*Problem requirements*.
Begin with the line that holds "cols_dim[of M] by simp". Write out every line from there to the end of the listing below, word for word.

*Source data*.
(* Let $r>1$ and $C_r=\lceil 2\log_r 20\rceil$. There exists $n_0>0$, depending on $r$, such that the following holds. Let $k,\ell,m$ be positive integers such that the $(k,\ell,m)$-metafunnel has $n$ vertices with $n\ge n_0$, $m\ge r^{\sqrt{\log_r n}}$ and $2\le k\le\sqrt{\log_r n}$. Fix $x_0\in V_k$ and run the Moran process with fitness $r$ on the metafunnel with initial mutant $x_0$. Then the probability that the process goes extinct is at least $\frac{1}{r^k(\log n)^{C_r+7}}$.
   Context: Logarithms are natural unless a base is given. Moran process: given a directed graph $G$ and fitness $r$, one vertex $x_0$ is a mutant, the rest non-mutants. At each step a vertex $v$ is chosen with probability proportional to fitness (mutants $r$, non-mutants $1$), an out-neighbour $w$ of $v$ is chosen uniformly at random and the state of $v$ is copied to $w$. Extinction: eventually no vertex is a mutant. The $(k,\ell,m)$-metafunnel has vertex set $V_0\cup V_1\cup\dots\cup V_k$ (disjoint), where $V_0=\{v^*\}$ and for $i\in[k]$, $V_i$ is the disjoint union of sets $V_{i,1},\dots,V_{i,\ell}$ each of size $m^i$ (so $n=1+\ell\sum_{i=1}^k m^i$); its edge set is $(V_0\times V_k)\cup(V_1\times V_0)\cup\bigcup_{i\in[k-1]}\bigcup_{j\in[\ell]}(V_{i+1,j}\times V_{i,j})$. *)

theory Defs
  imports Complex_Main
begin

text \<open>Vertex set V (finite), edge relation E (E v w: edge from v to w), fitness r.
  A state is the set S of mutant vertices.\<close>

definition fitness :: "real \<Rightarrow> 'a set \<Rightarrow> 'a \<Rightarrow> real" where
  "fitness r S v = (if v \<in> S then r else 1)"
text \<open>tau_r(M) = m_11 + ... + m_rr (0-based indices here).\<close>
definition tau :: "nat \<Rightarrow> 'a::field mat \<Rightarrow> 'a" where
  "tau r M = (\<Sum>i<r. M $$ (i, i))"

definition first_rows :: "nat \<Rightarrow> 'a mat \<Rightarrow> 'a mat" where
  "first_rows r M = mat r (dim_col M) (\<lambda>(i, j). M $$ (i, j))"

definition mrank :: "'a::field mat \<Rightarrow> nat" where
  "mrank M = vec_space.rank (dim_row M) M"

definition wcount :: "'a::{finite,field} itself \<Rightarrow> nat \<Rightarrow> nat \<Rightarrow> nat \<Rightarrow> nat \<Rightarrow> nat \<Rightarrow> nat" where
  "wcount _ r s t l m = card {M \<in> carrier_mat l m :: 'a mat set.
      mrank M = t \<and> mrank (first_rows r M) = s \<and> tau r M \<noteq> 0}"

end

theory Submission
  imports Defs "HOL-Library.Cardinality"
begin

text \<open>
  Matrices are built row by row. Appending a row \<open>v\<close> to \<open>A\<close> raises the rank iff \<open>v\<close> lies
  outside the row space of \<open>A\<close>, which has \<open>q ^ rank A\<close> elements (row rank equals column
  rank). Hence the number \<open>N(a, b, k)\<close> of \<open>a \<times> b\<close> matrices of rank \<open>k\<close> satisfies a
  \<open>q\<close>-Pascal recursion, with solution \<open>q ^ (k choose 2) [a, k] [b]! / [b - k]!\<close>.

  For the trace, append row \<open>r\<close> to an \<open>r \<times> m\<close> matrix \<open>A\<close>: the new trace is
  \<open>\<tau>\<^sub>r(A) + v\<^sub>r\<close>, so one counts vectors inside (or outside) the row space of \<open>A\<close>
  whose \<open>r\<close>-th coordinate avoids one value. Unless column \<open>r\<close> of \<open>A\<close> vanishes, these
  are a fraction \<open>(q - 1) / q\<close> of all; if it vanishes, \<open>A\<close> is an \<open>r \<times> (m - 1)\<close> matrix
  with a zero column inserted. The resulting recursion for the number \<open>F(r, m, s)\<close> of
  \<open>r \<times> m\<close> matrices of rank \<open>s\<close> with nonzero trace is solved by
  \<open>F = (q - 1) / q * (N(r, m, s) - (-1) ^ s q ^ (s choose 2) [r, s])\<close>.

  The rows below row \<open>r\<close> do not affect the conditions on the first \<open>r\<close> rows, and each of
  them obeys the recursion of \<open>N\<close> for \<open>m - s\<close> columns and rank \<open>t - s\<close>, up to a factor
  \<open>q ^ s\<close>; so \<open>wcount\<close> equals \<open>F(r, m, s) q ^ (s (l - r)) N(l - r, m - s, t - s)\<close>.
\<close>

section \<open>Finite vector spaces\<close>

lemma finite_carrier_vec [simp]: "finite (carrier_vec n :: 'a::finite vec set)"
proof -
  have "carrier_vec n \<subseteq> (\<lambda>f. vec n f) ` PiE {..<n} (\<lambda>_. UNIV :: 'a set)"
  proof
    fix v :: "'a vec" assume v: "v \<in> carrier_vec n"
    have "v = vec n (restrict (($) v) {..<n})" using v by (auto intro!: eq_vecI)
    moreover have "restrict (($) v) {..<n} \<in> PiE {..<n} (\<lambda>_. UNIV)" by auto
    ultimately show "v \<in> (\<lambda>f. vec n f) ` PiE {..<n} (\<lambda>_. UNIV)" by blast
  qed
  then show ?thesis by (rule finite_subset) (intro finite_imageI finite_PiE; simp)
qed

lemma card_carrier_vec: "card (carrier_vec n :: 'a::finite vec set) = CARD('a) ^ n"
proof -
  have "bij_betw (\<lambda>f. vec n f) (PiE {..<n} (\<lambda>_. UNIV)) (carrier_vec n :: 'a vec set)"
  proof (rule bij_betwI[where g = "\<lambda>v. restrict (($) v) {..<n}"])
    show "restrict (($) (vec n f)) {..<n} = f" if "f \<in> PiE {..<n} (\<lambda>_. UNIV :: 'a set)" for f
      using that by (auto simp: PiE_def extensional_def fun_eq_iff)
    show "vec n (restrict (($) v) {..<n}) = v" if "v \<in> carrier_vec n" for v :: "'a vec"
      using that by (auto intro!: eq_vecI)
  qed auto
  then show ?thesis by (simp add: bij_betw_same_card[symmetric] card_PiE)
qed

lemma finite_carrier_mat [simp]: "finite (carrier_mat n m :: 'a::finite mat set)"
proof -
  have "carrier_mat n m \<subseteq> (\<lambda>f. mat n m f) ` PiE ({..<n} \<times> {..<m}) (\<lambda>_. UNIV :: 'a set)"
  proof
    fix A :: "'a mat" assume A: "A \<in> carrier_mat n m"
    have "A = mat n m (restrict (\<lambda>ij. A $$ ij) ({..<n} \<times> {..<m}))"
      using A by (auto intro!: eq_matI)
    moreover have "restrict (\<lambda>ij. A $$ ij) ({..<n} \<times> {..<m}) \<in> PiE ({..<n} \<times> {..<m}) (\<lambda>_. UNIV)"
      by auto
    ultimately show "A \<in> (\<lambda>f. mat n m f) ` PiE ({..<n} \<times> {..<m}) (\<lambda>_. UNIV)" by blast
  qed
  then show ?thesis by (rule finite_subset) (intro finite_imageI finite_PiE; simp)
qed

lemma one_less_CARD_field: "1 < CARD('a::{finite,field})"
proof -
  have "card {0 :: 'a, 1} \<le> CARD('a)" by (rule card_mono) auto
  then show ?thesis by simp
qed

lemma real_card_Diff_subset:
  assumes "finite B" "A \<subseteq> B"
  shows "real (card (B - A)) = real (card B) - real (card A)"
proof -
  have "card A \<le> card B" using assms by (rule card_mono)
  then show ?thesis using assms finite_subset[OF assms(2,1)] by (simp add: card_Diff_subset of_nat_diff)
qed

locale finite_vec_space = vec_space f_ty n for f_ty :: "'a::{finite,field} itself" and n
begin

lemma span_list_carrier: "set ws \<subseteq> carrier_vec n \<Longrightarrow> span_list ws \<subseteq> carrier_vec n"
  using span_list_as_span span_closed by blast

lemma span_list_Cons:
  assumes "v \<in> carrier_vec n"
  shows "span_list (v # ws) = {a \<cdot>\<^sub>v v + w | a w. w \<in> span_list ws}"
proof (rule equalityI; rule subsetI)
  fix x assume "x \<in> span_list (v # ws)"
  then obtain c where "x = c 0 \<cdot>\<^sub>v v + lincomb_list (c \<circ> Suc) ws"
    by (auto simp: span_list_def)
  moreover have "lincomb_list (c \<circ> Suc) ws \<in> span_list ws" by (auto simp: span_list_def)
  ultimately show "x \<in> {a \<cdot>\<^sub>v v + w | a w. w \<in> span_list ws}" by blast
next
  fix x assume "x \<in> {a \<cdot>\<^sub>v v + w | a w. w \<in> span_list ws}"
  then obtain a c where x: "x = a \<cdot>\<^sub>v v + lincomb_list c ws"
    by (auto simp: span_list_def)
  let ?c = "\<lambda>i. if i = 0 then a else c (i - 1)"
  have "?c \<circ> Suc = c" by auto
  then have "lincomb_list ?c (v # ws) = x" using x by simp
  then show "x \<in> span_list (v # ws)" unfolding span_list_def by blast
qed

lemma smult_add_mem_span_list:
  assumes ws: "set ws \<subseteq> carrier_vec n" and "w \<in> span_list ws" "w' \<in> span_list ws"
  shows "a \<cdot>\<^sub>v w + w' \<in> span_list ws"
proof -
  have "a \<cdot>\<^sub>v w \<in> span (set ws)" "w' \<in> span (set ws)"
    using assms smult_in_span[OF ws] span_list_as_span[OF ws] by auto
  then have "a \<cdot>\<^sub>v w + w' \<in> span (set ws)" using span_add1[OF ws] by simp
  then show ?thesis using span_list_as_span[OF ws] by simp
qed

lemma zero_mem_span_list:
  assumes ws: "set ws \<subseteq> carrier_vec n"
  shows "0\<^sub>v n \<in> span_list ws"
proof -
  have "0\<^sub>v n = lincomb (\<lambda>_. 0) {}" by simp
  then have "0\<^sub>v n \<in> span (set ws)" by (rule in_spanI) auto
  then show ?thesis using span_list_as_span[OF ws] by simp
qed

lemma span_list_Cons_mem:
  assumes ws: "set ws \<subseteq> carrier_vec n" and v: "v \<in> span_list ws"
  shows "span_list (v # ws) = span_list ws"
proof -
  have vc: "v \<in> carrier_vec n" using v span_list_carrier[OF ws] by auto
  show ?thesis
  proof (rule equalityI; rule subsetI)
    fix x assume "x \<in> span_list (v # ws)"
    then obtain a w where "x = a \<cdot>\<^sub>v v + w" "w \<in> span_list ws"
      using span_list_Cons[OF vc] by auto
    then show "x \<in> span_list ws" using smult_add_mem_span_list[OF ws v] by auto
  next
    fix x assume x: "x \<in> span_list ws"
    then have "x = 0 \<cdot>\<^sub>v v + x" using vc span_list_carrier[OF ws] by auto
    then show "x \<in> span_list (v # ws)" using span_list_Cons[OF vc] x by blast
  qed
qed

lemma card_span_list_Cons_nonmem:
  assumes ws: "set ws \<subseteq> carrier_vec n" and vc: "v \<in> carrier_vec n" and v: "v \<notin> span_list ws"
  shows "card (span_list (v # ws)) = CARD('a) * card (span_list ws)"
proof -
  have eq: "span_list (v # ws) = (\<lambda>(a, w). a \<cdot>\<^sub>v v + w) ` (UNIV \<times> span_list ws)"
    using span_list_Cons[OF vc] by auto
  have inj: "inj_on (\<lambda>(a, w). a \<cdot>\<^sub>v v + w) (UNIV \<times> span_list ws)"
  proof (rule inj_onI, clarsimp)
    fix a w a' w' assume w: "w \<in> span_list ws" and w': "w' \<in> span_list ws"
      and e: "a \<cdot>\<^sub>v v + w = a' \<cdot>\<^sub>v v + w'"
    have wc: "w \<in> carrier_vec n" "w' \<in> carrier_vec n" using w w' span_list_carrier[OF ws] by auto
    have coord: "(a - a') * v $ i = w' $ i - w $ i" if "i < n" for i
    proof -
      have "(a \<cdot>\<^sub>v v + w) $ i = (a' \<cdot>\<^sub>v v + w') $ i" using e by simp
      then show ?thesis using that vc wc by (simp add: algebra_simps)
    qed
    show "a = a' \<and> w = w'"
    proof (cases "a = a'")
      case True
      then have "w = w'" using coord wc by (intro eq_vecI) auto
      then show ?thesis using True by simp
    next
      case False
      have "inverse (a - a') \<cdot>\<^sub>v ((-1) \<cdot>\<^sub>v w + w') + 0\<^sub>v n \<in> span_list ws"
        by (intro smult_add_mem_span_list ws zero_mem_span_list w w')
      moreover have "inverse (a - a') \<cdot>\<^sub>v ((-1) \<cdot>\<^sub>v w + w') + 0\<^sub>v n = v"
        using coord False wc vc by (intro eq_vecI) (auto simp: field_simps)
      ultimately show ?thesis using v by simp
    qed
  qed
  then show ?thesis
    unfolding eq card_image[OF inj] by (simp add: card_cartesian_product)
qed

lemma card_span_list_lin_indpt:
  assumes "distinct ws" "set ws \<subseteq> carrier_vec n" "lin_indpt (set ws)"
  shows "card (span_list ws) = CARD('a) ^ length ws"
  using assms
proof (induction ws)
  case Nil
  then show ?case using span_list_as_span[of "[]"] span_empty by simp
next
  case (Cons u ws)
  have ws: "set ws \<subseteq> carrier_vec n" and u: "u \<in> carrier_vec n" using Cons.prems by auto
  have "u \<notin> span (set ws)"
  proof
    assume "u \<in> span (set ws)"
    moreover have "set (u # ws) - {u} = set ws" using Cons.prems(1) by auto
    ultimately have "lin_dep (set (u # ws))" using lindep_span[of "set (u # ws)"] Cons.prems(2) by auto
    then show False using Cons.prems(3) by simp
  qed
  then have "u \<notin> span_list ws" using span_list_as_span[OF ws] by simp
  moreover have "card (span_list ws) = CARD('a) ^ length ws"
    using Cons.IH Cons.prems subset_li_is_li[OF Cons.prems(3)] by auto
  ultimately show ?case using card_span_list_Cons_nonmem[OF ws u] by simp
qed

lemma exists_basis_list:
  assumes S: "S \<subseteq> carrier_vec n" "finite S"
  obtains us where "set us \<subseteq> carrier_vec n" "distinct us" "lin_indpt (set us)"
    "span (set us) = span S" "length us = vectorspace.dim class_ring (span_vs S)"
proof -
  have "lin_indpt {}" unfolding lin_dep_def by auto
  then obtain U where U: "finite U" "maximal U (\<lambda>T. T \<subseteq> S \<and> lin_indpt T)"
    using maximal_exists_superset[OF S(2), of "\<lambda>T. T \<subseteq> S \<and> lin_indpt T" "{}"] by blast
  have US: "U \<subseteq> S" and li: "lin_indpt U" using U(2) by (auto simp: maximal_def)
  have "span U = span S"
  proof (rule ccontr)
    assume ne: "span U \<noteq> span S"
    have "span U \<subseteq> span S" using span_is_monotone US by metis
    then have "\<not> S \<subseteq> span U"
      by (meson US ne S(1) span_is_submodule span_is_subset subset_antisym subset_trans)
    then obtain s where s: "s \<in> S" "s \<notin> span U" by blast
    then have "lin_indpt (U \<union> {s})"
      by (meson US li S(1) lin_dep_iff_in_span rev_subsetD span_mem subset_trans)
    moreover have "s \<notin> U" using US s S(1) span_mem by auto
    ultimately have "\<not> maximal U (\<lambda>T. T \<subseteq> S \<and> lin_indpt T)"
      unfolding maximal_def using US s(1) by auto
    then show False using U(2) by blast
  qed
  obtain us where us: "set us = U" "distinct us" using finite_distinct_list[OF U(1)] by blast
  show ?thesis
  proof (rule that[of us])
    show "length us = vectorspace.dim class_ring (span_vs S)"
      using distinct_card[OF us(2)] us(1) dim_span[OF S U(2)] by simp
  qed (use us US S(1) li \<open>span U = span S\<close> in auto)
qed

lemma card_span:
  assumes "S \<subseteq> carrier_vec n" "finite S"
  shows "card (span S) = CARD('a) ^ vectorspace.dim class_ring (span_vs S)"
proof -
  obtain us where us: "set us \<subseteq> carrier_vec n" "distinct us" "lin_indpt (set us)"
    "span (set us) = span S" "length us = vectorspace.dim class_ring (span_vs S)"
    using exists_basis_list[OF assms] .
  then have "card (span_list us) = CARD('a) ^ length us" by (intro card_span_list_lin_indpt)
  then show ?thesis using us span_list_as_span[OF us(1)] by simp
qed

end

section \<open>Row spaces and rank\<close>

lemma CARD_power_inject: "CARD('a::{finite,field}) ^ i = CARD('a) ^ j \<longleftrightarrow> i = j"
  using one_less_CARD_field[where 'a='a] by (rule power_inject_exp)

lemma card_col_space:
  fixes M :: "'a::{finite,field} mat"
  assumes M: "M \<in> carrier_mat n m"
  shows "card (vec_space.col_space n M) = CARD('a) ^ mrank M"
proof -
  interpret finite_vec_space "TYPE('a)" n .
  have "set (cols M) \<subseteq> carrier_vec n" using M cols_dim[of M] by simp
  then have "card (span (set (cols M))) = CARD('a) ^ rank M"
    unfolding rank_def by (rule card_span) simp
  moreover have "mrank M = rank M" using M by (simp add: mrank_def)
  ultimately show ?thesis by (simp add: col_space_def)
qed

*Output below*.
  have "set (cols M) \<subseteq> carrier_vec n" using M cols_dim[of M] by simp
  then have "card (span (set (cols M))) = CARD('a) ^ rank M"
    unfolding rank_def by (rule card_span) simp
  moreover have "mrank M = rank M" using M by (simp add: mrank_def)
  ultimately show ?thesis by (simp add: col_space_def)
qed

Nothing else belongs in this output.